There are also standalone programs for autoguiding, such as PHD2, Metaguide, and Guide Dog. I personally prefer PHD2. Not only does it support the widest variety of cameras and is simple to use, it also offers multistar guiding to average the movements of multiple guide stars. This eliminates improper corrections from poor seeing, which can cause the guide star to jump all over the field. I feel this feature allows PHD2 to outperform other guiding software in terms of accuracy and smooth tracking.
Analyzing your results
It’s best to immediately check your results to ensure you’re guiding correctly. When the first frame comes up on the computer screen at the end of the exposure, focus on the center of the image at 100-percent scale and examine the stars. If they are round and crisp, then congratulations on a fine job setting up your system!
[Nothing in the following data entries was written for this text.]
lemma ac_le: "h \<in> Ap \<Longrightarrow> x \<in> M \<Longrightarrow> le (ac h x) x"
  using ac_mult_le[of h x 1] ac_one by simp

lemma pt_le: "x \<in> M \<Longrightarrow> le pt x"
  using ac_le[OF F1_pair_zero[OF F1], of x] ac_zero[of x] by simp

lemma ac_fgA_cases:
  assumes "f \<in> fgA Ap H" and "x \<in> M"
  obtains "ac f x = pt" | h where "h \<in> H" and "le (ac f x) (ac h x)"
  using assms(1)
proof (cases rule: fgA_memE)
  case 1
  then show ?thesis
    using that(1) ac_zero[OF assms(2)] by simp
next
  case (2 a h)
  then show ?thesis
    using that(2) ac_mult_le[OF _ assms(2)] by simp
qed

lemma down_subset: "down M le X \<subseteq> M"
  unfolding down_def by blast

lemma subset_down: "X \<subseteq> M \<Longrightarrow> X \<subseteq> down M le X"
  unfolding down_def using le_refl by blast

lemma down_union: "down M le (X \<union> Y) = down M le X \<union> down M le Y"
  unfolding down_def by blast

lemma down_mono: "X \<subseteq> Y \<Longrightarrow> down M le X \<subseteq> down M le Y"
  unfolding down_def by blast

lemma down_lower:
  assumes "X \<subseteq> M" and "y \<in> down M le X" and "z \<in> M" and "le z y"
  shows "z \<in> down M le X"
proof -
  obtain x where "x \<in> X" "y \<in> M" "le y x"
    using assms(2) unfolding down_def by blast
  then have "le z x"
    using assms le_trans[of z y x] by blast
  then show ?thesis
    using \<open>x \<in> X\<close> assms(3) unfolding down_def by blast
qed

lemma down_subset_down:
  assumes "X \<subseteq> M" and "Y \<subseteq> M" and "\<And>x. x \<in> X \<Longrightarrow> \<exists>y\<in>Y. le x y"
  shows "down M le X \<subseteq> down M le Y"
proof
  fix z assume "z \<in> down M le X"
  then obtain x where "z \<in> M" "x \<in> X" "le z x"
    unfolding down_def by blast
  with assms obtain y where "y \<in> Y" "le x y"
    by blast
  moreover have "le z y"
    using assms \<open>y \<in> Y\<close> \<open>le x y\<close> \<open>z \<in> M\<close> \<open>x \<in> X\<close> \<open>le z x\<close> le_trans[of z x y] by blast
  ultimately show "z \<in> down M le Y"
    using \<open>z \<in> M\<close> unfolding down_def by blast
qed

lemma down_idem:
  assumes "X \<subseteq> M"
  shows "down M le (down M le X) = down M le X"
proof
  show "down M le (down M le X) \<subseteq> down M le X"
  proof
    fix z assume "z \<in> down M le (down M le X)"
    then obtain y where "y \<in> down M le X" "z \<in> M" "le z y"
      unfolding down_def[of M le "down M le X"] by blast
    then show "z \<in> down M le X"
      using down_lower[OF assms] by blast
  qed
  show "down M le X \<subseteq> down M le (down M le X)"
    using subset_down[OF down_subset] .
qed

lemma down_pt: "down M le {pt} = {pt}"
  unfolding down_def using pt_in pt_le le_refl le_antisym by blast

definition maximals :: "'m set \<Rightarrow> 'm set" where
  "maximals G = {m \<in> G. \<forall>m'\<in>G. le m m' \<longrightarrow> m' = m}"

lemma exists_maximal_above:
  assumes "finite G" and "G \<subseteq> M" and "g \<in> G"
  shows "\<exists>m\<in>maximals G. le g m"
proof -
  let ?A = "{m \<in> G. le g m}"
  let ?R = "\<lambda>a b. le a b \<and> a \<noteq> b"
  have "asymp_on ?A ?R"
    using assms(2) le_antisym by (auto intro!: asymp_onI)
  moreover have "transp_on ?A ?R"
    using assms(2) le_antisym le_trans
    by (intro transp_onI) (metis (no_types, lifting) mem_Collect_eq subsetD)
  moreover have "?A \<noteq> {}"
    using assms le_refl by blast
  ultimately obtain m where m: "m \<in> ?A" "\<forall>x\<in>?A. x \<noteq> m \<longrightarrow> \<not> ?R m x"
    using Finite_Set.bex_max_element[of ?A ?R] assms(1) by auto
  have "m' = m" if "m' \<in> G" "le m m'" for m'
    using m that assms(2,3) le_trans[of g m m'] by blast
  then show ?thesis
    using m unfolding maximals_def by blast
qed

lemma down_maximals:
  assumes "finite G" and "G \<subseteq> M"
  shows "down M le (maximals G) = down M le G"
proof
  show "down M le (maximals G) \<subseteq> down M le G"
    unfolding maximals_def by (intro down_mono) blast
  have "maximals G \<subseteq> M"
    using assms(2) unfolding maximals_def by blast
  then show "down M le G \<subseteq> down M le (maximals G)"
    using down_subset_down[OF assms(2)] exists_maximal_above[OF assms] by blast
qed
If, however, the stars appear trailed in right ascension, this usually means either overaggressive tracking when trying to follow a star in poor seeing or flexure of the guide scope relative to the main instrument. Try a shorter exposure and see if anything changes. Poor guiding will make the stars trail the same amount even in shorter exposures. Conversely, if the issue gets progressively worse in longer exposures, then it is due to flexure.
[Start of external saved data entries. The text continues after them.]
lemma trS_H_eq_0_iff: assumes p: "p \<in> Om"
  shows "trS g (hproj lam vh hh) (vproj lam vh hh) p = 0 \<longleftrightarrow> dl 1 p = 0 \<and> dl 2 p = 0"
proof -
  have "trS g (hproj lam vh hh) (vproj lam vh hh) p = 0 \<longleftrightarrow>
      (ghat_inv 1 1 p * dl 1 p + ghat_inv 1 2 p * dl 2 p = 0 \<and>
       ghat_inv 1 2 p * dl 1 p + ghat_inv 2 2 p * dl 2 p = 0)"
    using conf_nonzero[of p] by (simp add: vec_eq_iff forall_4 trS_H[OF p] ghat_inv_sym) auto
  also have "\<dots> \<longleftrightarrow> dl 1 p = 0 \<and> dl 2 p = 0"
    by (rule lin_2x2_eq_0_iff) (simp add: ghat_inv_vdet[OF p] vdet_nonzero[OF p])
  finally show ?thesis .
qed

lemma V_minimal_iff: "V_minimal Om lam vh hh \<longleftrightarrow> (\<forall>p\<in>Om. dl 3 p = 0 \<and> dl 4 p = 0)"
  unfolding V_minimal_def using trS_V_eq_0_iff by auto

lemma H_minimal_iff: "H_minimal Om lam vh hh \<longleftrightarrow> (\<forall>p\<in>Om. dl 1 p = 0 \<and> dl 2 p = 0)"
  unfolding H_minimal_def using trS_H_eq_0_iff by auto


section \<open>The canonical 2-form and the field \<open>b\<close>\<close>

definition "vvol q = sqrt (- vdet q)"

text \<open>\<open>U\<^sup>a\<^sub>b = Unum a b / vvol\<close>: as a (1,1)-tensor \<open>U\<close> does not see the conformal factor.\<close>

definition Unum :: "4 \<Rightarrow> 4 \<Rightarrow> real^4 \<Rightarrow> real" where
  "Unum a b q = (if a = 1 \<and> b = 1 then - vhat 1 2 q else if a = 1 \<and> b = 2 then - vhat 2 2 q
     else if a = 2 \<and> b = 1 then vhat 1 1 q else if a = 2 \<and> b = 2 then vhat 1 2 q else 0)"

definition dUnum :: "4 \<Rightarrow> 4 \<Rightarrow> 4 \<Rightarrow> real^4 \<Rightarrow> real" where
  "dUnum d a b p = (if a = 1 \<and> b = 1 then - dghat d 1 2 p else if a = 1 \<and> b = 2 then - dghat d 2 2 p
     else if a = 2 \<and> b = 1 then dghat d 1 1 p else if a = 2 \<and> b = 2 then dghat d 1 2 p else 0)"

definition "dvdet d p = dghat d 1 1 p * vhat 2 2 p + vhat 1 1 p * dghat d 2 2 p - 2 * vhat 1 2 p * dghat d 1 2 p"

lemma vvol_nonzero: "q \<in> Om \<Longrightarrow> vvol q \<noteq> 0"
  using vdet_neg[of q] by (simp add: vvol_def)

lemma vdet_eq_vvol: "q \<in> Om \<Longrightarrow> vdet q = - (vvol q * vvol q)"
  using vdet_neg[of q] by (simp add: vvol_def)

lemma Ucov_norm: assumes q: "q \<in> Om"
  shows "sqrt \<bar>vcov lam vh 1 1 q * vcov lam vh 2 2 q - vcov lam vh 1 2 q * vcov lam vh 2 1 q\<bar>
    = conf q * vvol q"
proof -
  have "vcov lam vh 1 1 q * vcov lam vh 2 2 q - vcov lam vh 1 2 q * vcov lam vh 2 1 q
      = (conf q)^2 * vdet q"
    by (simp add: vcov_def conf_def vhat_def[symmetric] vhat_sym[OF q] vdet_def power2_eq_square
        algebra_simps)
  also have "\<bar>\<dots>\<bar> = (conf q)^2 * (- vdet q)"
    using vdet_neg[OF q] by (simp add: abs_mult)
  finally have "sqrt \<bar>vcov lam vh 1 1 q * vcov lam vh 2 2 q - vcov lam vh 1 2 q * vcov lam vh 2 1 q\<bar>
      = sqrt ((conf q)^2) * sqrt (- vdet q)"
    by (simp only: real_sqrt_mult)
  then show ?thesis by (simp add: vvol_def conf_def)
qed

lemma Umix_coord: assumes q: "q \<in> Om"
  shows "Umix lam vh hh a b q = Unum a b q / vvol q"
  unfolding Umix_def raise1_def ginv_gconf[OF q] Ucov_def Let_def Ucov_norm[OF q] sum_4
  using exhaust_4[of a] exhaust_4[of b] vvol_nonzero[OF q] conf_nonzero[of q]
  by (elim disjE) (simp_all add: ghat_inv_def Unum_def vdet_eq_vvol[OF q] field_simps)

lemma has_real_derivative_vhat: assumes p: "p \<in> Om" and "tl i" "tl j"
  shows "((\<lambda>t. vhat i j (p + t *\<^sub>R axis d 1)) has_real_derivative dghat d i j p) (at 0)"
proof -
  have "(\<lambda>q. vhat i j q) = ghat vh hh i j" using assms by (auto simp: vhat_def ghat_def)
  then show ?thesis
    using has_real_derivative_pd[OF differentiable_ghat[OF p], of i j d] by (simp add: dghat_def)
qed

lemma pd_Umix: assumes p: "p \<in> Om"
  shows "pd d (Umix lam vh hh a b) p = (dUnum d a b p - Unum a b p * dvdet d p / (2 * vdet p)) / vvol p"
proof -
  note V = has_real_derivative_vhat[OF p tl_sp_simps(1) tl_sp_simps(1), of d]
    has_real_derivative_vhat[OF p tl_sp_simps(1) tl_sp_simps(2), of d]
    has_real_derivative_vhat[OF p tl_sp_simps(2) tl_sp_simps(2), of d]
  have N: "((\<lambda>t. Unum a b (p + t *\<^sub>R axis d 1)) has_real_derivative dUnum d a b p) (at 0)"
    using exhaust_4[of a] exhaust_4[of b]
    by (elim disjE) (simp_all add: Unum_def dUnum_def V DERIV_minus)
  have D: "((\<lambda>t. vdet (p + t *\<^sub>R axis d 1)) has_real_derivative dvdet d p) (at 0)"
    unfolding vdet_def
    by (rule DERIV_cong[OF DERIV_diff[OF DERIV_mult[OF V(1) V(3)] DERIV_mult[OF V(2) V(2)]]])
      (simp add: dvdet_def algebra_simps)
  have "0 < - vdet (p + 0 *\<^sub>R axis d 1)" using vdet_neg[OF p] by simp
  from DERIV_chain2[OF DERIV_real_sqrt[OF this] DERIV_minus[OF D]]
  have S: "((\<lambda>t. vvol (p + t *\<^sub>R axis d 1)) has_real_derivative - dvdet d p / (2 * vvol p)) (at 0)"
    by (simp add: o_def vvol_def field_simps)
  have "pd d (Umix lam vh hh a b) p = pd d (\<lambda>q. Unum a b q / vvol q) p"
    by (rule pd_cong_open[OF open_Om p]) (simp add: Umix_coord)
  also have "\<dots> = (dUnum d a b p * vvol p - Unum a b p * (- dvdet d p / (2 * vvol p))) / (vvol p * vvol p)"
    by (rule pd_eqI) (use DERIV_divide[OF N S] vvol_nonzero[OF p] in simp)
  also have "\<dots> = (dUnum d a b p - Unum a b p * dvdet d p / (2 * vdet p)) / vvol p"
    using vvol_nonzero[OF p] by (simp add: vdet_eq_vvol[OF p] field_simps)
  finally show ?thesis .
qed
Declination errors are usually remedied by changing the aggressiveness of the corrections to a lower value. Try an aggressiveness of 25 to 50 percent instead. Otherwise, too much backlash in declination gearing is usually the culprit. While some software allows for backlash compensation, it is best to eliminate the backlash, either by tightening the axis or shimming out the play in the telescope’s mount.
A winning shot
While non-astronomy family and friends usually look only for rich color, a nice composition, and plenty of colorful stars in your images, your astronomy friends and other deep-sky imagers will take a far more critical look at your results. The first thing they will see is the quality of the star images. No amount of good composition or splashy colors will be able to compensate for poorly imaged stars. So, it’s best to be patient and take the time to learn how to perfect your images. A well-guided image with sharp, round stars will go a long way toward producing a winning shot.